> **What you will do**:
For each line of the data below, copy it if it holds the word "lemma".

[Opening Data in this exercise section]

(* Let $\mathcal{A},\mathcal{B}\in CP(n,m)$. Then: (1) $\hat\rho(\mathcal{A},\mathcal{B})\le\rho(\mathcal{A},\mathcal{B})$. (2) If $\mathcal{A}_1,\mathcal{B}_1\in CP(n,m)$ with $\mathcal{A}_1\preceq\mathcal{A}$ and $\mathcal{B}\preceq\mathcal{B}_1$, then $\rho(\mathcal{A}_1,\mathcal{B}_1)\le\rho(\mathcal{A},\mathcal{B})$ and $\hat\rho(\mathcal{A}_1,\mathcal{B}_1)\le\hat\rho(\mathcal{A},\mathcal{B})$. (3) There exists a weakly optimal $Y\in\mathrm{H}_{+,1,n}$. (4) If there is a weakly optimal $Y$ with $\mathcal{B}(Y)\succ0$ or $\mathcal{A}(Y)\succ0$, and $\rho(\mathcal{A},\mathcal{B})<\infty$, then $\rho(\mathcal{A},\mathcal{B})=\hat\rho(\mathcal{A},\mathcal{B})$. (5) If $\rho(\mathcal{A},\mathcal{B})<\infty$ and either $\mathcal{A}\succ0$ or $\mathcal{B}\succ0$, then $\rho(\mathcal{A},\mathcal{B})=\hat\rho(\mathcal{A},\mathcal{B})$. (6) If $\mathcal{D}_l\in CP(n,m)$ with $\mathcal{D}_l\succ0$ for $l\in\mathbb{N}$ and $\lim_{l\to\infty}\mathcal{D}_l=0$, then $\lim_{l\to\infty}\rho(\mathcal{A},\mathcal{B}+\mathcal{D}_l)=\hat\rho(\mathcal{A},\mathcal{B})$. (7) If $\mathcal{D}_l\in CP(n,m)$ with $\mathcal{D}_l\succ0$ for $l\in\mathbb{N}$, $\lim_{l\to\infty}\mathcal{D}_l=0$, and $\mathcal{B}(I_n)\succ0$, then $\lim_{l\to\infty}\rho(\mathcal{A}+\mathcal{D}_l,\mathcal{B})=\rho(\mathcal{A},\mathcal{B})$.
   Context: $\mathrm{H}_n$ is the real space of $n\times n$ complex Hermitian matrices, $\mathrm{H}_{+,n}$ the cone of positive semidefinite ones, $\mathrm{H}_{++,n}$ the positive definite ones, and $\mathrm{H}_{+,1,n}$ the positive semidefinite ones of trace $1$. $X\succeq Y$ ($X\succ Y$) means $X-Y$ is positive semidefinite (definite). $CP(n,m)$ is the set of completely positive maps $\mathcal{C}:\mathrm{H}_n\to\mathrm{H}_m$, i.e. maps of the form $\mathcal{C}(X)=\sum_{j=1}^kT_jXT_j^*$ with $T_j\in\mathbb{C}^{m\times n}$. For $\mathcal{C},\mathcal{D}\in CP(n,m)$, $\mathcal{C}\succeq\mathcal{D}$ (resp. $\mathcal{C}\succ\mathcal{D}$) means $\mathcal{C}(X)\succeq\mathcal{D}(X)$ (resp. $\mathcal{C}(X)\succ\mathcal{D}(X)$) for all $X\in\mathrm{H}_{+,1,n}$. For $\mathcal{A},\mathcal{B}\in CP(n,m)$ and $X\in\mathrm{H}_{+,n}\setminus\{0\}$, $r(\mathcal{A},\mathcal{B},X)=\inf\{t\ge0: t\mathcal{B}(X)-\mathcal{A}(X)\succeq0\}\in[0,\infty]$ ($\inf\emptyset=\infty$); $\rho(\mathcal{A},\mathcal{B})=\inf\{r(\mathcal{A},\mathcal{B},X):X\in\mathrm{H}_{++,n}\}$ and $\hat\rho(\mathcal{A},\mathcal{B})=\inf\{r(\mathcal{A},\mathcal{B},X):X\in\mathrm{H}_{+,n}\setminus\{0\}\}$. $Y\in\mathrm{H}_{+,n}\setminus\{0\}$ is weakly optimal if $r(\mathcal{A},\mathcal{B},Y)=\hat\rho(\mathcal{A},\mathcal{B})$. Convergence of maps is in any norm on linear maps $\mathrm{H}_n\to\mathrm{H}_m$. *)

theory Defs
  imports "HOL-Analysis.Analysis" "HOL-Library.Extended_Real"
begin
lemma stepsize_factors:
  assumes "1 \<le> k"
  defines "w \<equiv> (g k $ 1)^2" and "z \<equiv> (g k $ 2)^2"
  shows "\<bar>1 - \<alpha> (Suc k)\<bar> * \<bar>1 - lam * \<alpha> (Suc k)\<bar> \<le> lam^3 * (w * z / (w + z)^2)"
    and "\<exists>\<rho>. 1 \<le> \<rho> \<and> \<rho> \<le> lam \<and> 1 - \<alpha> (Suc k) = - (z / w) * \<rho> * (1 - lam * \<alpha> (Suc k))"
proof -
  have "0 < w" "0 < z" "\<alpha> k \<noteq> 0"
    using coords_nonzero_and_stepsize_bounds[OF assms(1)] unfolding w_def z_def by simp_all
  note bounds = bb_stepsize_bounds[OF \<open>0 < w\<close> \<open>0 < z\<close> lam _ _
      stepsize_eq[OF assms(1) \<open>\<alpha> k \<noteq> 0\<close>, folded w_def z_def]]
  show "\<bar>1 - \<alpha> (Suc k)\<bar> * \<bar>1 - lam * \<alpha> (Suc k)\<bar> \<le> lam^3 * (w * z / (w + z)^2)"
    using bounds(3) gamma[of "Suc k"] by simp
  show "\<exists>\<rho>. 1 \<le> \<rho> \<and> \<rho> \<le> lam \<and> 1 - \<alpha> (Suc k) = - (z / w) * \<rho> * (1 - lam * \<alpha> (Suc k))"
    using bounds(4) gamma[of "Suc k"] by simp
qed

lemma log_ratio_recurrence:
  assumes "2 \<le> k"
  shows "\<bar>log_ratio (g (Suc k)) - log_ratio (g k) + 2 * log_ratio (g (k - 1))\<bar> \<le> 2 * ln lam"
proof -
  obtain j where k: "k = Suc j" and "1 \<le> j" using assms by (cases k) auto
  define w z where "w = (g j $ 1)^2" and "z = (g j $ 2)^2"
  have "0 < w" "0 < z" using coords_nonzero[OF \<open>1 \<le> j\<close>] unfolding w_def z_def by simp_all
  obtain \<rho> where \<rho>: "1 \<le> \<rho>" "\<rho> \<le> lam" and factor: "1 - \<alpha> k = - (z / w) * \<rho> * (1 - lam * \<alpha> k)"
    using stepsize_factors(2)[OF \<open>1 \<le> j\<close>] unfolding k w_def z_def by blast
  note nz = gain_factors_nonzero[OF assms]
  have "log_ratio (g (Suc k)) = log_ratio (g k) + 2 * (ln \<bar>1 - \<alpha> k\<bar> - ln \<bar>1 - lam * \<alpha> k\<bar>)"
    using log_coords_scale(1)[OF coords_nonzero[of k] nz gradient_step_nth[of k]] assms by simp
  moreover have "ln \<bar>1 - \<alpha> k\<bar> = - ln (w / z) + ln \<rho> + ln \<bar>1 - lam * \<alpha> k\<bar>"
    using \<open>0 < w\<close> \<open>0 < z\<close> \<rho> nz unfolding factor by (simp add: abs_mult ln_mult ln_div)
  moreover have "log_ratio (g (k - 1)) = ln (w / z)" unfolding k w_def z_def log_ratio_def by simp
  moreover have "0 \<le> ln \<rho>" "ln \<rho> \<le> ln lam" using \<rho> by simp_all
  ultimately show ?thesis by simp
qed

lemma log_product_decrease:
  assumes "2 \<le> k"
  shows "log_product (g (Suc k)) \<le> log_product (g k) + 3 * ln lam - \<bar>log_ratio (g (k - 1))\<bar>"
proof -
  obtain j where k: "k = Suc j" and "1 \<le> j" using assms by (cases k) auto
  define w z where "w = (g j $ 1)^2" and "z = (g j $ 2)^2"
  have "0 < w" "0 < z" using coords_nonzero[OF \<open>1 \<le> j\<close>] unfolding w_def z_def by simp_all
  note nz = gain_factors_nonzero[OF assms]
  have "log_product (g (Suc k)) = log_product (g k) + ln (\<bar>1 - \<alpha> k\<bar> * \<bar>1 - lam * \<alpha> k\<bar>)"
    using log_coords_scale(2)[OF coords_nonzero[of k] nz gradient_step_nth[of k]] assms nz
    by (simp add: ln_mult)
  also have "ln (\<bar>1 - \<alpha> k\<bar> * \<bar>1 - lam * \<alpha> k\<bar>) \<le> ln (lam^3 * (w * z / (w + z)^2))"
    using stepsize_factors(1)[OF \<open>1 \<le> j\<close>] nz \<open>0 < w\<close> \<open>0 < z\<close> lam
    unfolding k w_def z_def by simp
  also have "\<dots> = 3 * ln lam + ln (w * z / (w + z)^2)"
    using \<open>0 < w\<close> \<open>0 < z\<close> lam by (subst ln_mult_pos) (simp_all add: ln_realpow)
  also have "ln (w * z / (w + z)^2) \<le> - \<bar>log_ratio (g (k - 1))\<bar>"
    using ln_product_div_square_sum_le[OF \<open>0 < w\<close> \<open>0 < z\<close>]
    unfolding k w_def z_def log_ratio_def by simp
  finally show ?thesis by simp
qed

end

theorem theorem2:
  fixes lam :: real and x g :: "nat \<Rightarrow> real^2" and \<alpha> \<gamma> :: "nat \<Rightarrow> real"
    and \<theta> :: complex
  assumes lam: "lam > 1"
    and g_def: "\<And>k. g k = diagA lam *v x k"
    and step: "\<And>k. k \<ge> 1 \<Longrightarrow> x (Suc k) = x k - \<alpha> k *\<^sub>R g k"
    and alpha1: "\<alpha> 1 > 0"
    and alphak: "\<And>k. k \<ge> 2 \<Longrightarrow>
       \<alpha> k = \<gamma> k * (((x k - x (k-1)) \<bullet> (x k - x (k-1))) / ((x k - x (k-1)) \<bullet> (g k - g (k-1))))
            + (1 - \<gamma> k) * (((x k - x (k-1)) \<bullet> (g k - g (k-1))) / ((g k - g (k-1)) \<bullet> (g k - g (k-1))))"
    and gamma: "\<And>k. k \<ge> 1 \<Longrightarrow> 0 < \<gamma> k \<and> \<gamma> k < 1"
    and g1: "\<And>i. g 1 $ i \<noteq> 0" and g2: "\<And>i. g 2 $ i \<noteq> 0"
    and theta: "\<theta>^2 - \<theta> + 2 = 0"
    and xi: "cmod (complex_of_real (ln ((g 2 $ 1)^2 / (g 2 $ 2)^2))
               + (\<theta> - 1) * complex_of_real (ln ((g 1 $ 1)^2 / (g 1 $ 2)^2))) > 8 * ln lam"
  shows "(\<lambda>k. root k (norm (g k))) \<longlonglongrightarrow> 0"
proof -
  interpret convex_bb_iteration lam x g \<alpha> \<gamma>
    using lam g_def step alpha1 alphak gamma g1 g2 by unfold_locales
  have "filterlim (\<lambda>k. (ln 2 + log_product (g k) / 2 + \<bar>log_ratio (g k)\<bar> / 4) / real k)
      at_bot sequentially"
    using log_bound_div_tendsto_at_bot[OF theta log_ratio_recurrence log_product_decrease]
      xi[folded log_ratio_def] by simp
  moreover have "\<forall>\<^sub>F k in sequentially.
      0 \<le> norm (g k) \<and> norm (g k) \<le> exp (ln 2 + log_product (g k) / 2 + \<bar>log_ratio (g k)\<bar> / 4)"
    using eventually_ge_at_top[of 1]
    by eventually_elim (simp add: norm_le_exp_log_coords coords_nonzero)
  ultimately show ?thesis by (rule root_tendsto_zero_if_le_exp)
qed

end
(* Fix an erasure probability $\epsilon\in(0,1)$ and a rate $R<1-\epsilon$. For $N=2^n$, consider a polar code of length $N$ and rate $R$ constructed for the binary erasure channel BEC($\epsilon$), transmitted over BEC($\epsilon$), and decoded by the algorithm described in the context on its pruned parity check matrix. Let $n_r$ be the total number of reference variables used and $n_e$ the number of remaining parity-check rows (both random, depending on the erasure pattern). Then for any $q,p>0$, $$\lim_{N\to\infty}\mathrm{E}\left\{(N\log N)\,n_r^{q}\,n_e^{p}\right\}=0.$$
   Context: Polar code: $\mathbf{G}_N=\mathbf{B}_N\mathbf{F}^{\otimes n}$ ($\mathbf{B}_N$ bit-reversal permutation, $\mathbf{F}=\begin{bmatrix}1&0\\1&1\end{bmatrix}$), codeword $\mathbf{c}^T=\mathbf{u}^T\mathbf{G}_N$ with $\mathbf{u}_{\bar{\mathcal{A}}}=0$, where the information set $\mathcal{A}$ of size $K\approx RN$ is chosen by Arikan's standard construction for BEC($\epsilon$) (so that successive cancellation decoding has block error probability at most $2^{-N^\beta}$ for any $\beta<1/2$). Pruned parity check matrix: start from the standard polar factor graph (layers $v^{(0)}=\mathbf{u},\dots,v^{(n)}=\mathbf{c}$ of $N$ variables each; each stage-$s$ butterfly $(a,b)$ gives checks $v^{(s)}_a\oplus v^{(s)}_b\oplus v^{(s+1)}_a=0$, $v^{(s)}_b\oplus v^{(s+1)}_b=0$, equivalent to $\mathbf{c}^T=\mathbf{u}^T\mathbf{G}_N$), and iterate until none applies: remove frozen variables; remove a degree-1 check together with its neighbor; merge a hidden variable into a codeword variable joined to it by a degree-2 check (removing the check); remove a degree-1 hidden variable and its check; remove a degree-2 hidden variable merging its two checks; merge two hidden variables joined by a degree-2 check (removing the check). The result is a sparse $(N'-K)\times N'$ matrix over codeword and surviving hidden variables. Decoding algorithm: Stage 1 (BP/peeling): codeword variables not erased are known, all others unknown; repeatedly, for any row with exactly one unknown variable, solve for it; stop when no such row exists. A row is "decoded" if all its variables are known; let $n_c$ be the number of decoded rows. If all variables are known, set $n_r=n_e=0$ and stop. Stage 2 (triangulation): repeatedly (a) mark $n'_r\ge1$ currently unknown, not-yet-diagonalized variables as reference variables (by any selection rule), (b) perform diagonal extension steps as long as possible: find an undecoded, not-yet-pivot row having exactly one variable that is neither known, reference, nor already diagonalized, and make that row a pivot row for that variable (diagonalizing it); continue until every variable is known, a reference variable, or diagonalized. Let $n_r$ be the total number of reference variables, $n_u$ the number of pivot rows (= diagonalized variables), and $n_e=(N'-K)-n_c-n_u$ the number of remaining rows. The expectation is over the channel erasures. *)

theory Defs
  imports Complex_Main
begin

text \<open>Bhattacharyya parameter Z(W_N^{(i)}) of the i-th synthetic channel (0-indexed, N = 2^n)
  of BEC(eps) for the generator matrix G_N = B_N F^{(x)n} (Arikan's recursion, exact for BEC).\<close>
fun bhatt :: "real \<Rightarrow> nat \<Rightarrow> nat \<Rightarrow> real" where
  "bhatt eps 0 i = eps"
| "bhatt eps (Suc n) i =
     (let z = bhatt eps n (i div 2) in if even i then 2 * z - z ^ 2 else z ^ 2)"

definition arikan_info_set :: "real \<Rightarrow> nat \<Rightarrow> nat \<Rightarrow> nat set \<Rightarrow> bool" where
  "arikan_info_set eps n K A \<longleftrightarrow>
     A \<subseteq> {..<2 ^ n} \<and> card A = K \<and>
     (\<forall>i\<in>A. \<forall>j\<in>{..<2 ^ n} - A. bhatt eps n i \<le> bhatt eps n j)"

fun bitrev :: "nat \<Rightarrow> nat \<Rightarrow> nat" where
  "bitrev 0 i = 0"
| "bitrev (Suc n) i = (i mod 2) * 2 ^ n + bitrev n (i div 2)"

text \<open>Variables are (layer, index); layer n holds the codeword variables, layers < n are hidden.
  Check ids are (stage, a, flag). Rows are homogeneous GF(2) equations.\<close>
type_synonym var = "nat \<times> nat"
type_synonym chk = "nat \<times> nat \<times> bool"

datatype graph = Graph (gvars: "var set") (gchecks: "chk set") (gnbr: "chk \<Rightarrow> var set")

[Closing Data in this exercise section]

> **Answer for this exercise**:
lemma stepsize_factors:
lemma log_ratio_recurrence:
lemma log_product_decrease:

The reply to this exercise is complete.